**ABOUT THIS TASK:**
Give back all the entries below. Omit none of them.

[Saved data entries]
lemma fps_cong_mult_one_minus_two:
  fixes D E :: "'a::comm_ring_1 fps"
  assumes "int_fps D" "int_fps E"
  shows "fps_cong 4 ((1 - 2 * D) * (1 - 2 * E)) (1 - 2 * (D + E))"
  using assms by (intro fps_congI[of "D * E"]) (simp_all add: algebra_simps numeral_fps_const)

lemma fps_cong_square_one_minus_two:
  fixes D :: "'a::comm_ring_1 fps"
  assumes "int_fps D"
  shows "fps_cong 4 ((1 - 2 * D) * (1 - 2 * D)) 1"
  using assms by (intro fps_congI[of "D * D - D"]) (simp_all add: algebra_simps numeral_fps_const)

lemma fps_cong_prod_one_minus_two:
  fixes f :: "'b \<Rightarrow> 'a::comm_ring_1 fps"
  assumes "finite S" "\<And>x. x \<in> S \<Longrightarrow> int_fps (f x)"
  shows "fps_cong 4 (\<Prod>x\<in>S. 1 - 2 * f x) (1 - 2 * (\<Sum>x\<in>S. f x))"
  using assms
proof (induction S rule: finite_induct)
  case (insert a S)
  then have "fps_cong 4 ((1 - 2 * f a) * (\<Prod>x\<in>S. 1 - 2 * f x))
      ((1 - 2 * f a) * (1 - 2 * (\<Sum>x\<in>S. f x)))"
    by (intro fps_cong_mult_left) simp_all
  also have "fps_cong 4 \<dots> (1 - 2 * (f a + (\<Sum>x\<in>S. f x)))"
    using insert.prems by (intro fps_cong_mult_one_minus_two) (simp_all add: int_fps_sum)
  finally show ?case using insert.hyps by simp
qed simp

lemma fps_compose_X_power_nth:
  assumes "k \<ge> 1"
  shows "fps_nth (A oo fps_X ^ k) n = (if k dvd n then fps_nth A (n div k) else 0)"
proof -
  have "fps_nth (A oo fps_X ^ k) n = (\<Sum>i=0..n. if n = k * i then fps_nth A i else 0)"
    by (simp add: fps_compose_nth flip: power_mult) (rule sum.cong; simp)
  also have "\<dots> = (if k dvd n then fps_nth A (n div k) else 0)"
  proof (cases "k dvd n")
    case True
    then obtain j where j: "n = k * j" ..
    with assms have "j \<le> n" "n div k = j" "\<And>i. n = k * i \<longleftrightarrow> i = j" by auto
    then show ?thesis using True by (simp cong: if_cong)
  next
    case False
    then have "n \<noteq> k * i" for i by auto
    then show ?thesis using False by simp
  qed
  finally show ?thesis .
qed

lemma int_fps_compose_X_power: "k \<ge> 1 \<Longrightarrow> int_fps A \<Longrightarrow> int_fps (A oo fps_X ^ k)"
  by (simp add: int_fps_def fps_compose_X_power_nth)

lemma fps_cong_compose_X_power:
  fixes A B :: "'a::comm_ring_1 fps"
  assumes "k \<ge> 1" "fps_cong m A B"
  shows "fps_cong m (A oo fps_X ^ k) (B oo fps_X ^ k)"
proof -
  obtain Y where "int_fps Y" "A - B = fps_const m * Y"
    using assms(2) by (auto simp: fps_cong_def)
  then show ?thesis
    using assms(1) by (intro fps_congI[of "Y oo fps_X ^ k"])
      (simp_all add: int_fps_compose_X_power fps_const_mult_apply_left flip: fps_compose_sub_distrib)
qed

definition eta_partial :: "nat \<Rightarrow> nat \<Rightarrow> 'a::comm_ring_1 fps" where
  "eta_partial k N = (\<Prod>m\<in>{1..N}. 1 - fps_X ^ (k * m))"

lemma eta_partial_nth_stable:
  assumes "k \<ge> 1" "n \<le> N"
  shows "fps_nth (eta_partial k N) n = fps_nth (eta_partial k n) n"
  using assms(2)
proof (induction N rule: dec_induct)
  case (step M)
  have "n < k * Suc M"
    using mult_le_mono1[OF assms(1), of "Suc M"] step.hyps(1) by simp
  then show ?case
    using step.IH by (simp add: eta_partial_def right_diff_distrib
        fps_X_power_mult_right_nth)
qed simp

lemma fps_agree_upto_eta_f:
  assumes "k \<ge> 1"
  shows "fps_agree_upto n (eta_f k) (eta_partial k n)"
  using eta_partial_nth_stable[OF assms, symmetric]
  by (auto simp: fps_agree_upto_def eta_f_def eta_partial_def)

lemma int_fps_eta_f: "int_fps (eta_f k)"
proof -
  have "int_fps (eta_partial k n :: rat fps)" for n
    unfolding eta_partial_def by (intro int_fps_prod) simp
  then show ?thesis by (auto simp: int_fps_def eta_f_def eta_partial_def)
qed

lemma eta_f_nth_0 [simp]: "fps_nth (eta_f k) 0 = 1"
  by (simp add: eta_f_def)

lemma eta_partial_compose_X_power:
  assumes "j \<ge> 1"
  shows "eta_partial k N oo fps_X ^ j = (eta_partial (j * k) N :: 'a::idom fps)"
proof -
  have X: "fps_nth (fps_X ^ j :: 'a fps) 0 = 0" using assms by simp
  show ?thesis
    by (simp add: eta_partial_def fps_compose_prod_distrib[OF X] fps_compose_sub_distrib
        fps_X_power_compose[OF X] mult.assoc flip: power_mult)
qed

lemma eta_f_compose_X_power:
  assumes "k \<ge> 1" "j \<ge> 1"
  shows "eta_f k oo fps_X ^ j = eta_f (j * k)"
proof (rule fps_ext)
  fix n
  have "fps_nth (eta_f k oo fps_X ^ j) n = fps_nth (eta_partial k n oo fps_X ^ j) n"
    using assms fps_agree_upto_eta_f[OF assms(1), of n]
    by (auto simp: fps_compose_X_power_nth fps_agree_upto_def)
  also have "\<dots> = fps_nth (eta_f (j * k)) n"
    using assms fps_agree_upto_eta_f[of "j * k" n]
    by (simp add: eta_partial_compose_X_power[OF assms(2)] fps_agree_upto_def)
  finally show "fps_nth (eta_f k oo fps_X ^ j) n = fps_nth (eta_f (j * k)) n" .
qed

section \<open>Squares of the Euler products modulo 4\<close>

definition multiples_fps :: "nat \<Rightarrow> 'a::comm_ring_1 fps" where
  "multiples_fps m = Abs_fps (\<lambda>n. if 0 < n \<and> m dvd n then 1 else 0)"

definition divisor_count :: "nat \<Rightarrow> nat" where
  "divisor_count n = card {d. d dvd n}"

text \<open>The constant coefficient is 0: every number divides 0, and \<^const>\<open>card\<close> of an infinite
  set is 0.\<close>
definition divisor_fps :: "'a::comm_ring_1 fps" where
  "divisor_fps = Abs_fps (\<lambda>n. of_nat (divisor_count n))"

lemma int_fps_multiples_fps [simp]: "int_fps (multiples_fps m)"
  by (simp add: int_fps_def multiples_fps_def)

lemma int_fps_divisor_fps [simp]: "int_fps divisor_fps"
  by (simp add: int_fps_def divisor_fps_def)

lemma one_minus_X_power_mult_multiples_fps:
  assumes "m \<ge> 1"
  shows "(1 - fps_X ^ m) * multiples_fps m = fps_X ^ m"
proof (rule fps_ext)
  fix n
  have "m dvd n - m \<longleftrightarrow> m dvd n" if "m \<le> n"
    using that by (simp add: dvd_minus_self)
  then show "fps_nth ((1 - fps_X ^ m) * multiples_fps m) n = fps_nth (fps_X ^ m) n"
    using assms by (auto simp: left_diff_distrib fps_X_power_mult_nth multiples_fps_def
        dest: dvd_imp_le)
qed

**WRITTEN SOLUTION:**
lemma fps_cong_mult_one_minus_two:
  fixes D E :: "'a::comm_ring_1 fps"
  assumes "int_fps D" "int_fps E"
  shows "fps_cong 4 ((1 - 2 * D) * (1 - 2 * E)) (1 - 2 * (D + E))"
  using assms by (intro fps_congI[of "D * E"]) (simp_all add: algebra_simps numeral_fps_const)

lemma fps_cong_square_one_minus_two:
  fixes D :: "'a::comm_ring_1 fps"
  assumes "int_fps D"
  shows "fps_cong 4 ((1 - 2 * D) * (1 - 2 * D)) 1"
  using assms by (intro fps_congI[of "D * D - D"]) (simp_all add: algebra_simps numeral_fps_const)

lemma fps_cong_prod_one_minus_two:
  fixes f :: "'b \<Rightarrow> 'a::comm_ring_1 fps"
  assumes "finite S" "\<And>x. x \<in> S \<Longrightarrow> int_fps (f x)"
  shows "fps_cong 4 (\<Prod>x\<in>S. 1 - 2 * f x) (1 - 2 * (\<Sum>x\<in>S. f x))"
  using assms
proof (induction S rule: finite_induct)
  case (insert a S)
  then have "fps_cong 4 ((1 - 2 * f a) * (\<Prod>x\<in>S. 1 - 2 * f x))
      ((1 - 2 * f a) * (1 - 2 * (\<Sum>x\<in>S. f x)))"
    by (intro fps_cong_mult_left) simp_all
  also have "fps_cong 4 \<dots> (1 - 2 * (f a + (\<Sum>x\<in>S. f x)))"
    using insert.prems by (intro fps_cong_mult_one_minus_two) (simp_all add: int_fps_sum)
  finally show ?case using insert.hyps by simp
qed simp

lemma fps_compose_X_power_nth:
  assumes "k \<ge> 1"
  shows "fps_nth (A oo fps_X ^ k) n = (if k dvd n then fps_nth A (n div k) else 0)"
proof -
  have "fps_nth (A oo fps_X ^ k) n = (\<Sum>i=0..n. if n = k * i then fps_nth A i else 0)"
    by (simp add: fps_compose_nth flip: power_mult) (rule sum.cong; simp)
  also have "\<dots> = (if k dvd n then fps_nth A (n div k) else 0)"
  proof (cases "k dvd n")
    case True
    then obtain j where j: "n = k * j" ..
    with assms have "j \<le> n" "n div k = j" "\<And>i. n = k * i \<longleftrightarrow> i = j" by auto
    then show ?thesis using True by (simp cong: if_cong)
  next
    case False
    then have "n \<noteq> k * i" for i by auto
    then show ?thesis using False by simp
  qed
  finally show ?thesis .
qed

lemma int_fps_compose_X_power: "k \<ge> 1 \<Longrightarrow> int_fps A \<Longrightarrow> int_fps (A oo fps_X ^ k)"
  by (simp add: int_fps_def fps_compose_X_power_nth)

lemma fps_cong_compose_X_power:
  fixes A B :: "'a::comm_ring_1 fps"
  assumes "k \<ge> 1" "fps_cong m A B"
  shows "fps_cong m (A oo fps_X ^ k) (B oo fps_X ^ k)"
proof -
  obtain Y where "int_fps Y" "A - B = fps_const m * Y"
    using assms(2) by (auto simp: fps_cong_def)
  then show ?thesis
    using assms(1) by (intro fps_congI[of "Y oo fps_X ^ k"])
      (simp_all add: int_fps_compose_X_power fps_const_mult_apply_left flip: fps_compose_sub_distrib)
qed

definition eta_partial :: "nat \<Rightarrow> nat \<Rightarrow> 'a::comm_ring_1 fps" where
  "eta_partial k N = (\<Prod>m\<in>{1..N}. 1 - fps_X ^ (k * m))"

lemma eta_partial_nth_stable:
  assumes "k \<ge> 1" "n \<le> N"
  shows "fps_nth (eta_partial k N) n = fps_nth (eta_partial k n) n"
  using assms(2)
proof (induction N rule: dec_induct)
  case (step M)
  have "n < k * Suc M"
    using mult_le_mono1[OF assms(1), of "Suc M"] step.hyps(1) by simp
  then show ?case
    using step.IH by (simp add: eta_partial_def right_diff_distrib
        fps_X_power_mult_right_nth)
qed simp

lemma fps_agree_upto_eta_f:
  assumes "k \<ge> 1"
  shows "fps_agree_upto n (eta_f k) (eta_partial k n)"
  using eta_partial_nth_stable[OF assms, symmetric]
  by (auto simp: fps_agree_upto_def eta_f_def eta_partial_def)

lemma int_fps_eta_f: "int_fps (eta_f k)"
proof -
  have "int_fps (eta_partial k n :: rat fps)" for n
    unfolding eta_partial_def by (intro int_fps_prod) simp
  then show ?thesis by (auto simp: int_fps_def eta_f_def eta_partial_def)
qed

lemma eta_f_nth_0 [simp]: "fps_nth (eta_f k) 0 = 1"
  by (simp add: eta_f_def)

lemma eta_partial_compose_X_power:
  assumes "j \<ge> 1"
  shows "eta_partial k N oo fps_X ^ j = (eta_partial (j * k) N :: 'a::idom fps)"
proof -
  have X: "fps_nth (fps_X ^ j :: 'a fps) 0 = 0" using assms by simp
  show ?thesis
    by (simp add: eta_partial_def fps_compose_prod_distrib[OF X] fps_compose_sub_distrib
        fps_X_power_compose[OF X] mult.assoc flip: power_mult)
qed

lemma eta_f_compose_X_power:
  assumes "k \<ge> 1" "j \<ge> 1"
  shows "eta_f k oo fps_X ^ j = eta_f (j * k)"
proof (rule fps_ext)
  fix n
  have "fps_nth (eta_f k oo fps_X ^ j) n = fps_nth (eta_partial k n oo fps_X ^ j) n"
    using assms fps_agree_upto_eta_f[OF assms(1), of n]
    by (auto simp: fps_compose_X_power_nth fps_agree_upto_def)
  also have "\<dots> = fps_nth (eta_f (j * k)) n"
    using assms fps_agree_upto_eta_f[of "j * k" n]
    by (simp add: eta_partial_compose_X_power[OF assms(2)] fps_agree_upto_def)
  finally show "fps_nth (eta_f k oo fps_X ^ j) n = fps_nth (eta_f (j * k)) n" .
qed

section \<open>Squares of the Euler products modulo 4\<close>

definition multiples_fps :: "nat \<Rightarrow> 'a::comm_ring_1 fps" where
  "multiples_fps m = Abs_fps (\<lambda>n. if 0 < n \<and> m dvd n then 1 else 0)"

definition divisor_count :: "nat \<Rightarrow> nat" where
  "divisor_count n = card {d. d dvd n}"

text \<open>The constant coefficient is 0: every number divides 0, and \<^const>\<open>card\<close> of an infinite
  set is 0.\<close>
definition divisor_fps :: "'a::comm_ring_1 fps" where
  "divisor_fps = Abs_fps (\<lambda>n. of_nat (divisor_count n))"

lemma int_fps_multiples_fps [simp]: "int_fps (multiples_fps m)"
  by (simp add: int_fps_def multiples_fps_def)

lemma int_fps_divisor_fps [simp]: "int_fps divisor_fps"
  by (simp add: int_fps_def divisor_fps_def)

lemma one_minus_X_power_mult_multiples_fps:
  assumes "m \<ge> 1"
  shows "(1 - fps_X ^ m) * multiples_fps m = fps_X ^ m"
proof (rule fps_ext)
  fix n
  have "m dvd n - m \<longleftrightarrow> m dvd n" if "m \<le> n"
    using that by (simp add: dvd_minus_self)
  then show "fps_nth ((1 - fps_X ^ m) * multiples_fps m) n = fps_nth (fps_X ^ m) n"
    using assms by (auto simp: left_diff_distrib fps_X_power_mult_nth multiples_fps_def
        dest: dvd_imp_le)
qed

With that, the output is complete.